[What is required]
Identify all lines in the data containing the string "exists". Copy them out.

[Excerpted records]
lemma O_sec_cong:
  assumes f: "f \<in> O_sec U" and eq: "\<And>x. x \<in> U \<Longrightarrow> f x = g x"
  shows "g \<in> O_sec U"
proof (rule O_secI)
  show "g x \<noteq> \<infinity>" if "x \<in> U" for x
    using O_sec_not_PInf[OF f that] eq[OF that] by simp
  show "continuous_on U g"
    using O_sec_continuous[OF f] eq by (rule continuous_on_eq)
next
  fix x y t :: real
  assume xy: "x \<in> U" "y \<in> U" "x \<le> y" "{x..y} \<subseteq> U" "0 \<le> t" "t \<le> 1"
  then have "(1 - t) * x + t * y \<in> U"
    using convex_comb_in_interval[of x y t] by blast
  then have "g ((1 - t) * x + t * y) = f ((1 - t) * x + t * y)" "g x = f x" "g y = f y"
    using eq xy(1,2) by simp_all
  then show "g ((1 - t) * x + t * y) \<le> ereal (1 - t) * g x + ereal t * g y"
    using O_sec_convex[OF f xy] by simp
next
  fix l assume "l \<in> U"
  then obtain e where e: "e > 0" "{l - e<..<l + e} \<inter> {0..} \<subseteq> U"
      "affine_int_on ({l - e<..<l} \<inter> {0..}) f" "affine_int_on ({l<..<l + e} \<inter> {0..}) f"
    using O_sec_locally_affine[OF f] by blast
  have "{l - e<..<l} \<inter> {0..} \<subseteq> U" "{l<..<l + e} \<inter> {0..} \<subseteq> U"
    using e(2) by auto
  then have "affine_int_on ({l - e<..<l} \<inter> {0..}) g" "affine_int_on ({l<..<l + e} \<inter> {0..}) g"
    using affine_int_on_cong[OF e(3)] affine_int_on_cong[OF e(4)] eq by (metis subsetD)+
  with e show "\<exists>e>0. {l - e<..<l + e} \<inter> {0..} \<subseteq> U \<and>
      affine_int_on ({l - e<..<l} \<inter> {0..}) g \<and> affine_int_on ({l<..<l + e} \<inter> {0..}) g"
    by blast
qed
(* Let $\phi$ be a singular-expansive flow of a compact metric space $X$. Then for every compact invariant set $\Lambda\subset X$ with $\Lambda\cap Sing(\phi)=\emptyset$, the restricted flow $\phi|_\Lambda$ is expansive.
   Context: A flow is a continuous $\phi:\mathbb{R}\times X\to X$ with $\phi_0=\mathrm{id}$, $\phi_{t+s}=\phi_t\circ\phi_s$; $\phi_I(x)=\{\phi_t(x):t\in I\}$; $Sing(\phi)$ is the set of fixed points; $dist(z,A)=\inf_{a\in A}d(z,a)$, with $dist(z,\emptyset)=diam(X)$; $\Lambda$ invariant means $\phi_t(\Lambda)=\Lambda$ for all $t$. $\phi$ is singular-expansive if for every $\epsilon>0$ there is $\delta>0$ such that whenever $x,y\in X$ and an increasing homeomorphism $s:\mathbb{R}\to\mathbb{R}$ satisfy $d(\phi_t(x),\phi_{s(t)}(y))\le\delta\,dist(\phi_t(x),Sing(\phi))$ for all $t$, then $\phi_{s(t_0)}(y)\in\phi_{[t_0-\epsilon,t_0+\epsilon]}(x)$ for some $t_0\in\mathbb{R}$. A flow $\psi$ on a compact metric space $Y$ is expansive if for every $\epsilon>0$ there is $\delta>0$ such that whenever $x,y\in Y$ and a continuous $s:\mathbb{R}\to\mathbb{R}$ with $s(0)=0$ satisfy $d(\psi_t(x),\psi_{s(t)}(y))\le\delta$ for all $t$, then $y\in\psi_{[-\epsilon,\epsilon]}(x)$. *)

theory Defs
  imports "HOL-Analysis.Analysis"
begin

definition is_flow :: "'a::metric_space set \<Rightarrow> (real \<Rightarrow> 'a \<Rightarrow> 'a) \<Rightarrow> bool" where
  "is_flow X phi \<longleftrightarrow>
     continuous_on (UNIV \<times> X) (\<lambda>(t, x). phi t x) \<and>
     (\<forall>t. \<forall>x\<in>X. phi t x \<in> X) \<and>
     (\<forall>x\<in>X. phi 0 x = x) \<and>
     (\<forall>t s. \<forall>x\<in>X. phi (t + s) x = phi t (phi s x))"

definition Sing :: "'a set \<Rightarrow> (real \<Rightarrow> 'a \<Rightarrow> 'a) \<Rightarrow> 'a set" where
  "Sing X phi = {x \<in> X. \<forall>t. phi t x = x}"

definition distX :: "'a::metric_space set \<Rightarrow> 'a \<Rightarrow> 'a set \<Rightarrow> real" where
  "distX X z A = (if A = {} then diameter X else infdist z A)"
lemma rho_pin_mult_less:
  assumes a: "a \<in> pin X x0" "a' \<in> pin X x0" and b: "b \<in> pin X x0" "b' \<in> pin X x0"
    and "rho a a' < e" "rho b b' < e"
  shows "rho (pin_mult X x0 a b) (pin_mult X x0 a' b') < e"
proof -
  obtain \<alpha> \<alpha>' \<beta> \<beta>' where "\<alpha> \<in> a" "\<alpha>' \<in> a'" "\<beta> \<in> b" "\<beta>' \<in> b'"
    and "mu \<alpha> \<alpha>' < e" "mu \<beta> \<beta>' < e"
    using rho_less_imp_mu_less[OF pin_nonempty[OF a(1)] pin_nonempty[OF a(2)] assms(5)]
      rho_less_imp_mu_less[OF pin_nonempty[OF b(1)] pin_nonempty[OF b(2)] assms(6)] by blast
  moreover have \<Omega>: "\<alpha> \<in> Omega X x0" "\<alpha>' \<in> Omega X x0" "\<beta> \<in> Omega X x0" "\<beta>' \<in> Omega X x0"
    using calculation a b pin_subset_Omega by blast+
  ultimately have "rho (hclass X x0 (concat \<alpha> \<beta>)) (hclass X x0 (concat \<alpha>' \<beta>')) < e"
    using rho_hclass_le_mu[OF concat_in_Omega[OF \<Omega>(1,3)] concat_in_Omega[OF \<Omega>(2,4)]]
      mu_concat_le[OF \<Omega>[THEN Omega_continuous_on]] by simp
  then show ?thesis
    using a b \<open>\<alpha> \<in> a\<close> \<open>\<alpha>' \<in> a'\<close> \<open>\<beta> \<in> b\<close> \<open>\<beta>' \<in> b'\<close> by (simp add: pin_mult_eq_hclass)
qed

lemma rho_pin_inv_less:
  assumes a: "a \<in> pin X x0" "a' \<in> pin X x0" and "rho a a' < e"
  shows "rho (pin_inv X x0 a) (pin_inv X x0 a') < e"
proof -
  obtain \<alpha> \<alpha>' where "\<alpha> \<in> a" "\<alpha>' \<in> a'" "mu \<alpha> \<alpha>' < e"
    using rho_less_imp_mu_less[OF pin_nonempty[OF a(1)] pin_nonempty[OF a(2)] assms(3)] by blast
  moreover have \<Omega>: "\<alpha> \<in> Omega X x0" "\<alpha>' \<in> Omega X x0"
    using calculation a pin_subset_Omega by blast+
  ultimately have "rho (hclass X x0 (reverse \<alpha>)) (hclass X x0 (reverse \<alpha>')) < e"
    using rho_hclass_le_mu[OF reverse_in_Omega[OF \<Omega>(1)] reverse_in_Omega[OF \<Omega>(2)]]
      mu_reverse_le[OF \<Omega>[THEN Omega_continuous_on]] by simp
  then show ?thesis
    using a \<open>\<alpha> \<in> a\<close> \<open>\<alpha>' \<in> a'\<close> by (simp add: pin_inv_eq_hclass)
qed
lemma p_adjacent_iff_same_va:
  assumes "p < m" and char1: "z2_char_map_Pm m l1" and char2: "z2_char_map_Pm m l2"
    and "l1 p = va" "l2 p = va"
  shows "p_adjacent m p l1 l2 \<longleftrightarrow> (\<forall>u<m. l1 u = va \<longleftrightarrow> l2 u = va)"
proof
  assume "p_adjacent m p l1 l2"
  then obtain \<Lambda> where char: "is_char_map (wed {0..<m} (Pm m) p) \<Lambda>"
    and proj1: "proj_DJ_equiv \<Lambda> (Inr True) (wed_link_id p False) {0..<m} l1"
    and proj2: "proj_DJ_equiv \<Lambda> (Inr False) (wed_link_id p True) {0..<m} l2"
    unfolding p_adjacent_def by blast
  have "{} \<in> Pm m" using Pm_subset_closed[OF Pm_singleton[OF \<open>p < m\<close>]] by blast
  show "\<forall>u<m. l1 u = va \<longleftrightarrow> l2 u = va"
  proof (intro allI impI)
    fix u assume "u < m"
    note colour =
      wed_projections_same_colour_as_p[OF char _ _ \<open>{} \<in> Pm m\<close> Pm_singleton[OF \<open>u < m\<close>]]
    have "l2 u = l2 p" if "l1 u = l1 p"
      by (rule colour[where q = False and l = l1 and l' = l2])
        (use proj1 proj2 \<open>u < m\<close> \<open>p < m\<close> that in simp_all)
    moreover have "l1 u = l1 p" if "l2 u = l2 p"
      by (rule colour[where q = True and l = l2 and l' = l1])
        (use proj1 proj2 \<open>u < m\<close> \<open>p < m\<close> that in simp_all)
    ultimately show "l1 u = va \<longleftrightarrow> l2 u = va"
      using assms(4,5) by auto
  qed
next
  assume same: "\<forall>u<m. l1 u = va \<longleftrightarrow> l2 u = va"
  have "\<forall>u\<in>{0..<m}. l2 u $ 2 = l1 u $ 2"
    using same nth2_eq_iff_va z2_char_map_PmD(1)[OF char1] z2_char_map_PmD(1)[OF char2] by auto
  then have proj1: "proj_DJ_equiv (wedge_lift l1 l2) (Inr True) (wed_link_id p False) {0..<m} l1"
    and proj2: "proj_DJ_equiv (wedge_lift l1 l2) (Inr False) (wed_link_id p True) {0..<m} l2"
    using proj_DJ_equiv_wedge_lift_first[of l1 p l2 "{0..<m}"]
      proj_DJ_equiv_wedge_lift_second[of p "{0..<m}" l2 l1] assms(1,4,5) by simp_all
  moreover have "is_char_map (wed {0..<m} (Pm m) p) (wedge_lift l1 l2)"
    by (rule is_char_map_wed_if_projections[OF _ _ Pm_singleton[OF \<open>p < m\<close>]
          is_char_map_Pm[OF char1] is_char_map_Pm[OF char2] proj1 proj2])
      (use \<open>p < m\<close> in simp_all)
  ultimately show "p_adjacent m p l1 l2" unfolding p_adjacent_def by blast
qed

lemma same_va_neighbours_agree_iff:
  assumes char1: "z2_char_map_Pm m l1" and char2: "z2_char_map_Pm m l2"
    and same: "\<forall>u<m. l1 u = va \<longleftrightarrow> l2 u = va"
    and "u < m" "l1 u \<noteq> va" "l1 (Suc u mod m) \<noteq> va"
  shows "l2 u = l1 u \<longleftrightarrow> l2 (Suc u mod m) = l1 (Suc u mod m)"
proof -
  have "Suc u mod m < m" using \<open>u < m\<close> by simp
  then show ?thesis
    using z2_char_map_PmD[OF char1 \<open>u < m\<close>] z2_char_map_PmD[OF char2 \<open>u < m\<close>]
      z2_char_map_PmD(1)[OF char1 \<open>Suc u mod m < m\<close>]
      z2_char_map_PmD(1)[OF char2 \<open>Suc u mod m < m\<close>]
      same assms(4-6) by auto
qed

lemma same_va_agree_on_cyc_interval:
  assumes char1: "z2_char_map_Pm m l1" and char2: "z2_char_map_Pm m l2"
    and same: "\<forall>u<m. l1 u = va \<longleftrightarrow> l2 u = va"
    and I: "cyc_interval m I" "\<forall>v\<in>I. l1 v \<noteq> va" and "v \<in> I" "w \<in> I"
  shows "l2 v = l1 v \<longleftrightarrow> l2 w = l1 w"
proof -
  obtain s n where "s < m" and I_eq: "I = {(s + k) mod m | k. k < n}"
    using I(1) unfolding cyc_interval_def by blast
  have "k < n \<Longrightarrow>
    (l2 ((s + k) mod m) = l1 ((s + k) mod m) \<longleftrightarrow> l2 (s mod m) = l1 (s mod m))" for k
  proof (induction k)
    case (Suc k)
    have step: "Suc ((s + k) mod m) mod m = (s + Suc k) mod m" by (simp add: mod_Suc_eq)
    have "(s + k) mod m \<in> I" "(s + Suc k) mod m \<in> I" using Suc.prems I_eq by auto
    moreover have "(s + k) mod m < m" using \<open>s < m\<close> by simp
    ultimately show ?case
      using same_va_neighbours_agree_iff[OF char1 char2 same, of "(s + k) mod m"] I(2) step Suc
      by auto
  qed simp
  then show ?thesis using \<open>v \<in> I\<close> \<open>w \<in> I\<close> I_eq by auto
qed

lemma bc_piece_containing:
  assumes "u < m" "l u \<noteq> va"
  obtains I where "I \<in> bc_pieces m l" "u \<in> I"
proof -
  let ?F = "{J. cyc_interval m J \<and> (\<forall>v\<in>J. l v \<noteq> va)}"
  have "?F \<subseteq> Pow {0..<m}" unfolding cyc_interval_def by auto
  then have "finite ?F" by (rule finite_subset) simp
  moreover have "{u} \<in> ?F"
  proof -
    have "{u} = {(u + k) mod m | k. k < (1::nat)}" using \<open>u < m\<close> by auto
    then show ?thesis unfolding cyc_interval_def using assms by fastforce
  qed
  ultimately obtain I where "I \<in> ?F" "{u} \<subseteq> I" "\<forall>J\<in>?F. I \<subseteq> J \<longrightarrow> I = J"
    using finite_has_maximal2[of ?F "{u}"] by blast
  then have "I \<in> bc_pieces m l" "u \<in> I" unfolding bc_pieces_def by auto
  then show ?thesis by (rule that)
qed

lemma bc_inv_eq_va_iff: "bc_inv x = va \<longleftrightarrow> x = va"
  by (auto simp: bc_inv_def)

lemma same_va_iff_bc_pieces_inverted:
  assumes char1: "z2_char_map_Pm m l1" and char2: "z2_char_map_Pm m l2"
  shows "(\<forall>u<m. l1 u = va \<longleftrightarrow> l2 u = va) \<longleftrightarrow>
    (\<exists>S \<subseteq> bc_pieces m l1. \<forall>u<m. l2 u = (if u \<in> \<Union>S then bc_inv (l1 u) else l1 u))"
proof
  assume same: "\<forall>u<m. l1 u = va \<longleftrightarrow> l2 u = va"
  define S where "S = {I \<in> bc_pieces m l1. \<exists>v\<in>I. l2 v \<noteq> l1 v}"
  have "l2 u = (if u \<in> \<Union>S then bc_inv (l1 u) else l1 u)" if "u < m" for u
  proof (cases "l1 u = va")
    case True
    moreover have "u \<notin> \<Union>S" using True unfolding S_def bc_pieces_def by blast
    ultimately show ?thesis using same \<open>u < m\<close> by (metis (full_types))
  next
    case False
    obtain I where I: "I \<in> bc_pieces m l1" "u \<in> I"
      using bc_piece_containing[of u m l1] \<open>u < m\<close> False by blast
    have "u \<in> \<Union>S \<longleftrightarrow> l2 u \<noteq> l1 u"
    proof
      assume "u \<in> \<Union>S"
      then obtain J v where J: "J \<in> bc_pieces m l1" "u \<in> J" "v \<in> J" "l2 v \<noteq> l1 v"
        unfolding S_def by blast
      have "cyc_interval m J" "\<forall>v\<in>J. l1 v \<noteq> va" using J(1) unfolding bc_pieces_def by auto
      then show "l2 u \<noteq> l1 u"
        using same_va_agree_on_cyc_interval[OF char1 char2 same _ _ J(2,3)] J(4) by blast
    next
      assume "l2 u \<noteq> l1 u"
      then show "u \<in> \<Union>S" using I unfolding S_def by blast
    qed
    moreover have "l1 u \<in> {vb, vc}" "l2 u \<in> {vb, vc}"
      using z2_char_map_PmD(1)[OF char1 \<open>u < m\<close>] z2_char_map_PmD(1)[OF char2 \<open>u < m\<close>]
        False same \<open>u < m\<close> by auto
    ultimately show ?thesis by (auto simp: bc_inv_def)
  qed
  moreover have "S \<subseteq> bc_pieces m l1" unfolding S_def by blast
  ultimately show
    "\<exists>S \<subseteq> bc_pieces m l1. \<forall>u<m. l2 u = (if u \<in> \<Union>S then bc_inv (l1 u) else l1 u)"
    by blast
next
  assume "\<exists>S \<subseteq> bc_pieces m l1. \<forall>u<m. l2 u = (if u \<in> \<Union>S then bc_inv (l1 u) else l1 u)"
  then obtain S where "\<forall>u<m. l2 u = (if u \<in> \<Union>S then bc_inv (l1 u) else l1 u)" by blast
  then show "\<forall>u<m. l1 u = va \<longleftrightarrow> l2 u = va"
    by (simp add: bc_inv_eq_va_iff)
qed

theorem mainTheorem3:
  fixes m p :: nat and l1 l2 :: "nat \<Rightarrow> bit^2"
  assumes "m \<ge> 3" and "p < m"
    and "z2_char_map_Pm m l1" and "z2_char_map_Pm m l2"
    and "l1 p = va" and "l2 p = va"
  shows "p_adjacent m p l1 l2 \<longleftrightarrow>
    (\<exists>S \<subseteq> bc_pieces m l1.
       \<forall>u<m. l2 u = (if u \<in> \<Union>S then bc_inv (l1 u) else l1 u))"
  using p_adjacent_iff_same_va[OF assms(2-6)] same_va_iff_bc_pieces_inverted[OF assms(3,4)]
  by blast

end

[Written solution]
  with e show "\<exists>e>0. {l - e<..<l + e} \<inter> {0..} \<subseteq> U \<and>
    (\<exists>S \<subseteq> bc_pieces m l1. \<forall>u<m. l2 u = (if u \<in> \<Union>S then bc_inv (l1 u) else l1 u))"
  define S where "S = {I \<in> bc_pieces m l1. \<exists>v\<in>I. l2 v \<noteq> l1 v}"
    "\<exists>S \<subseteq> bc_pieces m l1. \<forall>u<m. l2 u = (if u \<in> \<Union>S then bc_inv (l1 u) else l1 u)"
  assume "\<exists>S \<subseteq> bc_pieces m l1. \<forall>u<m. l2 u = (if u \<in> \<Union>S then bc_inv (l1 u) else l1 u)"
    (\<exists>S \<subseteq> bc_pieces m l1.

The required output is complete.